Learn Digital Photography Now

Monday, October 30, 2006

DARKROOM DAY DREAMS

I have had plenty of time since dismantling the darkroom more than a decade back to mull over the pros and cons of its modern technology replacement.

They are pretty much as you might imagine; faster turnarounds, the convenience of instantly being able to see what you are doing, improved image archive management (though not necessarily the same level of archive permanence.), and of course, speed of delivery to the client. This is without mentioning substantial cost savings on film, paper and chemicals and which in my case, are not substituted with ink or dye sub materials. I simply have no need of them. In a purely objective world, the only prints I need are the ones I have already made in a different technological era.

But.

I miss it.

I miss being able to pull a fine print from the wash.

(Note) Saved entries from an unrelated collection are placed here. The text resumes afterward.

(* For integers $n\ge1$, $m\ge0$ let $d_{n,m}=\operatorname{Tr}(J_nB_n^{2m})$. Then $d_{n,0}=1+d_{n-1,0}=n$ (for $n\ge2$; $d_{1,0}=1$), $d_{1,m}=\delta_{0,m}$, and for $n\ge2$, $m\ge1$, $$d_{n,m}=d_{n-1,m}+\sum_{k=0}^{m-1}d_{n-1,k}\,d_{n,m-k-1}.$$
   Context: $J_n$ is the $n\times n$ all-ones matrix, and $B_n=i\,M$ where $M$ is the $n\times n$ matrix with zero diagonal, entries $1$ above and $-1$ below the diagonal ($B_1$ is the $1\times1$ zero matrix). $\delta$ is the Kronecker delta. *)

theory Defs
  imports Complex_Main "Jordan_Normal_Form.Matrix"
begin

definition Jmat :: "nat \<Rightarrow> complex mat" where
  "Jmat n = mat n n (\<lambda>_. 1)"

definition Bmat :: "nat \<Rightarrow> complex mat" where
  "Bmat n = mat n n (\<lambda>(i, j). if i < j then \<i> else if j < i then - \<i> else 0)"

definition mtrace :: "complex mat \<Rightarrow> complex" where
  "mtrace A = (\<Sum>i<dim_row A. A $$ (i, i))"

definition dnm :: "nat \<Rightarrow> nat \<Rightarrow> complex" where
  "dnm n m = mtrace (Jmat n * (Bmat n ^\<^sub>m (2 * m)))"

end

theory Submission imports Defs begin

text \<open>
  dnm n m is the sum of all entries of B_n^(2m). Reversing the order of the indices negates
  B_n, so the entry sums of odd powers vanish. Since the entries of B_n do not depend on n,
  B_n is B_(n-1) bordered by a last column of i's and a last row of -i's. Write the row vector
  1^T B_n^M as (x_M, p_M), let q_M be the sum of the entries of x_M and t_M the entry sum of
  B_(n-1)^M. Then p_(M+1) = i q_M and x_(M+1) = x_M B_(n-1) - i p_M 1^T, whence
  q_M = t_M - i (sum of p_a t_(M-1-a) over a < M). Eliminating p and q from the entry sum
  p_(M+2) + q_(M+2) of B_n^(M+2) leaves t_(M+2) plus the convolution of p + q with t, and
  dropping its vanishing odd terms gives the recursion.
\<close>

definition skew_entry :: "nat \<Rightarrow> nat \<Rightarrow> complex" where
  "skew_entry i j = (if i < j then \<i> else if j < i then - \<i> else 0)"

lemma Bmat_carrier: "Bmat n \<in> carrier_mat n n"
  by (simp add: Bmat_def)

lemma Bmat_index: "i < n \<Longrightarrow> j < n \<Longrightarrow> Bmat n $$ (i, j) = skew_entry i j"
  by (simp add: Bmat_def skew_entry_def)

fun ones_Bpow :: "nat \<Rightarrow> nat \<Rightarrow> nat \<Rightarrow> complex" where
  "ones_Bpow n 0 j = 1"
| "ones_Bpow n (Suc M) j = (\<Sum>k<n. ones_Bpow n M k * skew_entry k j)"

definition sum_Bpow :: "nat \<Rightarrow> nat \<Rightarrow> complex" where
  "sum_Bpow n M = (\<Sum>j<n. ones_Bpow n M j)"

lemma mtrace_Jmat_mult:
  assumes "A \<in> carrier_mat n n"
  shows "mtrace (Jmat n * A) = (\<Sum>j<n. \<Sum>i<n. A $$ (i, j))"
  unfolding mtrace_def using assms
  by (intro sum.cong) (auto simp: Jmat_def scalar_prod_def atLeast0LessThan)

lemma col_sum_Bmat_pow:
  "j < n \<Longrightarrow> (\<Sum>i<n. (Bmat n ^\<^sub>m M) $$ (i, j)) = ones_Bpow n M j"
proof (induction M arbitrary: j)
  case 0
  then show ?case by (simp add: Bmat_def)
next
  case (Suc M)
  have "(\<Sum>i<n. (Bmat n ^\<^sub>m Suc M) $$ (i, j))
      = (\<Sum>i<n. \<Sum>k<n. (Bmat n ^\<^sub>m M) $$ (i, k) * skew_entry k j)"
    using Suc.prems Bmat_carrier[of n]
    by (intro sum.cong refl) (simp add: scalar_prod_def Bmat_index atLeast0LessThan)
  also have "\<dots> = (\<Sum>k<n. (\<Sum>i<n. (Bmat n ^\<^sub>m M) $$ (i, k)) * skew_entry k j)"
    by (subst sum.swap) (simp add: sum_distrib_right)
  also have "\<dots> = ones_Bpow n (Suc M) j"
    using Suc.IH by simp
  finally show ?case .
qed

lemma dnm_eq_sum_Bpow: "dnm n m = sum_Bpow n (2 * m)"
  unfolding dnm_def sum_Bpow_def
  by (simp add: mtrace_Jmat_mult Bmat_carrier col_sum_Bmat_pow)

lemma sum_Bpow_0: "sum_Bpow n 0 = of_nat n"
  by (simp add: sum_Bpow_def)

lemma sum_Bpow_1: "sum_Bpow 1 M = (if M = 0 then 1 else 0)"
  by (cases M) (simp_all add: sum_Bpow_def skew_entry_def)

lemma skew_entry_reflect:
  "k < n \<Longrightarrow> j < n \<Longrightarrow> skew_entry (n - Suc k) (n - Suc j) = - skew_entry k j"
  by (auto simp: skew_entry_def)

lemma ones_Bpow_reflect: "j < n \<Longrightarrow> ones_Bpow n M (n - Suc j) = (-1) ^ M * ones_Bpow n M j"
proof (induction M arbitrary: j)
  case 0
  then show ?case by simp
next
  case (Suc M)
  have "ones_Bpow n (Suc M) (n - Suc j)
      = (\<Sum>k<n. ones_Bpow n M (n - Suc k) * skew_entry (n - Suc k) (n - Suc j))"
    by (simp add: sum.nat_diff_reindex[where g = "\<lambda>k. ones_Bpow n M k * skew_entry k (n - Suc j)"])
  also have "\<dots> = (\<Sum>k<n. (-1) ^ Suc M * (ones_Bpow n M k * skew_entry k j))"
    using Suc by (intro sum.cong refl) (simp add: skew_entry_reflect)
  also have "\<dots> = (-1) ^ Suc M * ones_Bpow n (Suc M) j"
    by (simp add: sum_distrib_left)
  finally show ?case .
qed

lemma sum_Bpow_odd: "odd M \<Longrightarrow> sum_Bpow n M = 0"
proof -
  assume "odd M"
  have "sum_Bpow n M = (\<Sum>j<n. ones_Bpow n M (n - Suc j))"
    unfolding sum_Bpow_def by (simp add: sum.nat_diff_reindex)
  also have "\<dots> = - sum_Bpow n M"
    using \<open>odd M\<close> by (simp add: ones_Bpow_reflect sum_Bpow_def sum_negf)
  finally show ?thesis by simp
qed

lemma ones_Bpow_Suc_last:
  "ones_Bpow (Suc r) (Suc M) r = \<i> * (\<Sum>j<r. ones_Bpow (Suc r) M j)"
  by (simp add: skew_entry_def sum_distrib_left mult.commute)

lemma ones_Bpow_Suc_below:
  "j < r \<Longrightarrow> ones_Bpow (Suc r) M j
    = ones_Bpow r M j - \<i> * (\<Sum>a<M. ones_Bpow (Suc r) a r * ones_Bpow r (M - Suc a) j)"
proof (induction M arbitrary: j)
  case 0
  then show ?case by simp
next
  case (Suc M)
  let ?p = "\<lambda>a. ones_Bpow (Suc r) a r"
  have "ones_Bpow (Suc r) (Suc M) j
      = (\<Sum>k<r. ones_Bpow (Suc r) M k * skew_entry k j) - \<i> * ?p M"
    using Suc.prems by (simp add: skew_entry_def)
  also have "(\<Sum>k<r. ones_Bpow (Suc r) M k * skew_entry k j)
      = (\<Sum>k<r. ones_Bpow r M k * skew_entry k j)
        - \<i> * (\<Sum>a<M. ?p a * (\<Sum>k<r. ones_Bpow r (M - Suc a) k * skew_entry k j))"
    by (simp add: Suc.IH left_diff_distrib sum_subtractf sum_distrib_left sum_distrib_right
        mult.assoc sum.swap[where A = "{..<r}"] del: ones_Bpow.simps)
  also have "\<dots> = ones_Bpow r (Suc M) j - \<i> * (\<Sum>a<M. ?p a * ones_Bpow r (Suc M - Suc a) j)"
    by (simp add: Suc_diff_Suc del: ones_Bpow.simps) (simp add: Suc_diff_Suc[symmetric])
  finally show ?case
    by (simp add: algebra_simps del: ones_Bpow.simps) simp
qed

lemma sum_ones_Bpow_Suc_below:
  "(\<Sum>j<r. ones_Bpow (Suc r) M j)
    = sum_Bpow r M - \<i> * (\<Sum>a<M. ones_Bpow (Suc r) a r * sum_Bpow r (M - Suc a))"
  unfolding sum_Bpow_def
  by (simp add: ones_Bpow_Suc_below sum_subtractf sum_distrib_left sum.swap[where A = "{..<r}"]
      del: ones_Bpow.simps)

lemma sum_Bpow_Suc_Suc:
  "sum_Bpow (Suc r) (Suc (Suc M))
    = sum_Bpow r (Suc (Suc M)) + (\<Sum>a\<le>M. sum_Bpow r a * sum_Bpow (Suc r) (M - a))"
proof -
  define p where "p a = ones_Bpow (Suc r) a r" for a
  define q where "q a = (\<Sum>j<r. ones_Bpow (Suc r) a j)" for a
  define t where "t = sum_Bpow r"
  have s: "sum_Bpow (Suc r) a = q a + p a" for a
    by (simp add: sum_Bpow_def p_def q_def)
  have p_Suc: "p (Suc a) = \<i> * q a" for a
    unfolding p_def q_def by (rule ones_Bpow_Suc_last)
  have q: "q a = t a - \<i> * (\<Sum>b<a. p b * t (a - Suc b))" for a
    unfolding p_def q_def t_def by (rule sum_ones_Bpow_Suc_below)
  have "q (Suc (Suc M)) = t (Suc (Suc M)) - \<i> * t (Suc M) + (\<Sum>b<Suc M. q b * t (M - b))"
    by (simp add: q[of "Suc (Suc M)"] sum.lessThan_Suc_shift p_Suc algebra_simps sum_distrib_left sum_negf
        del: sum.lessThan_Suc) (simp add: p_def)
  moreover have "p (Suc (Suc M)) = \<i> * t (Suc M) + (\<Sum>b<Suc M. p b * t (M - b))"
    by (simp add: p_Suc q[of "Suc M"] algebra_simps sum_distrib_left sum_negf del: sum.lessThan_Suc)
  ultimately have "sum_Bpow (Suc r) (Suc (Suc M))
      = t (Suc (Suc M)) + (\<Sum>b<Suc M. sum_Bpow (Suc r) b * t (M - b))"
    by (simp add: s algebra_simps sum.distrib del: sum.lessThan_Suc)
  also have "(\<Sum>b<Suc M. sum_Bpow (Suc r) b * t (M - b)) = (\<Sum>a\<le>M. t a * sum_Bpow (Suc r) (M - a))"
    by (subst sum.nat_diff_reindex[symmetric]) (simp add: lessThan_Suc_atMost mult.commute)
  finally show ?thesis
    by (simp add: t_def)
qed

lemma sum_atMost_double_odd_vanish:
  fixes f :: "nat \<Rightarrow> 'a::comm_monoid_add"
  assumes "\<And>a. odd a \<Longrightarrow> f a = 0"
  shows "(\<Sum>a\<le>2 * N. f a) = (\<Sum>k\<le>N. f (2 * k))"
  by (induction N) (simp_all add: assms)

lemma dnm_Suc_Suc:
  "dnm (Suc r) (Suc N) = dnm r (Suc N) + (\<Sum>k\<le>N. dnm r k * dnm (Suc r) (N - k))"
proof -
  have "dnm (Suc r) (Suc N)
      = sum_Bpow r (2 * Suc N) + (\<Sum>a\<le>2 * N. sum_Bpow r a * sum_Bpow (Suc r) (2 * N - a))"
    using sum_Bpow_Suc_Suc[of r "2 * N"] by (simp add: dnm_eq_sum_Bpow)
  also have "(\<Sum>a\<le>2 * N. sum_Bpow r a * sum_Bpow (Suc r) (2 * N - a))
      = (\<Sum>k\<le>N. sum_Bpow r (2 * k) * sum_Bpow (Suc r) (2 * (N - k)))"
    by (subst sum_atMost_double_odd_vanish) (simp_all add: sum_Bpow_odd right_diff_distrib')
  finally show ?thesis
    by (simp add: dnm_eq_sum_Bpow)
qed

theorem proposition5p1:
  shows "(\<forall>n\<ge>1. dnm n 0 = of_nat n)
    \<and> (\<forall>n\<ge>2. dnm n 0 = 1 + dnm (n - 1) 0)
    \<and> dnm 1 0 = 1
    \<and> (\<forall>m. dnm 1 m = (if m = 0 then 1 else 0))
    \<and> (\<forall>n\<ge>2. \<forall>m\<ge>1.
          dnm n m = dnm (n - 1) m + (\<Sum>k<m. dnm (n - 1) k * dnm n (m - k - 1)))"
proof -
  have dnm_0: "dnm n 0 = of_nat n" for n
    by (simp add: dnm_eq_sum_Bpow sum_Bpow_0)
  have dnm_1: "dnm 1 m = (if m = 0 then 1 else 0)" for m
    using sum_Bpow_1[of "2 * m"] by (simp add: dnm_eq_sum_Bpow)
  have "dnm n m = dnm (n - 1) m + (\<Sum>k<m. dnm (n - 1) k * dnm n (m - k - 1))"
    if n_ge: "n \<ge> 2" and m_ge: "m \<ge> 1" for n m
  proof -
    obtain r where "n = Suc r"
      using n_ge by (cases n) auto
    moreover obtain N where "m = Suc N"
      using m_ge by (cases m) auto
    ultimately show ?thesis
      by (simp add: dnm_Suc_Suc lessThan_Suc_atMost)
  qed
  moreover have "dnm n 0 = 1 + dnm (n - 1) 0" if "n \<ge> 2" for n
    using that by (simp add: dnm_0 of_nat_diff)
  ultimately show ?thesis
    using dnm_0 dnm_1 by simp
qed

end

I miss that chemical aroma from the mix of bromide and hypo and the feel between ones fingers of damp heavyweight baryta papers, the simple joy of being able to walk into the light to examine the liquid magic performed on the pure white, high silver content surface of a sheet of paper. I'm sorry, but the only bronzing I can tolerate comes on the gravure printed page of high quality coated papers bound and head and tailed between hard covers.

It is for this reason I kept all the old darkroom machinery and a suitcase full of enlarging lenses. When the opportunity comes around again to set it up, the new darkroom will not be short on kit. I will still be able to blow up those old 5X7 inch glass plates and custom enlarge anything from 16mm to 6X9cms on glassless, condenser type enlargers. Two ancient MPPs and a superbly made Meopta from the 1960s sit quietly swathed in bubble wrap awaiting a new dawn.

And I have recently added one more item to this armoury.

Another Meopta. It's the same model as the one I already own, but it's brand new and still in its original leather strapped Warsaw pact era laundry box. No, I don't need it, but if you are as obsessed about this whole world of photography as I seem to be, you would not have left this fine example of miniature engineering to languish on the floor of a charity shop to be kicked around indefinitely until some well meaning volunteer decided it was time to end its life in a skip. I had to have it.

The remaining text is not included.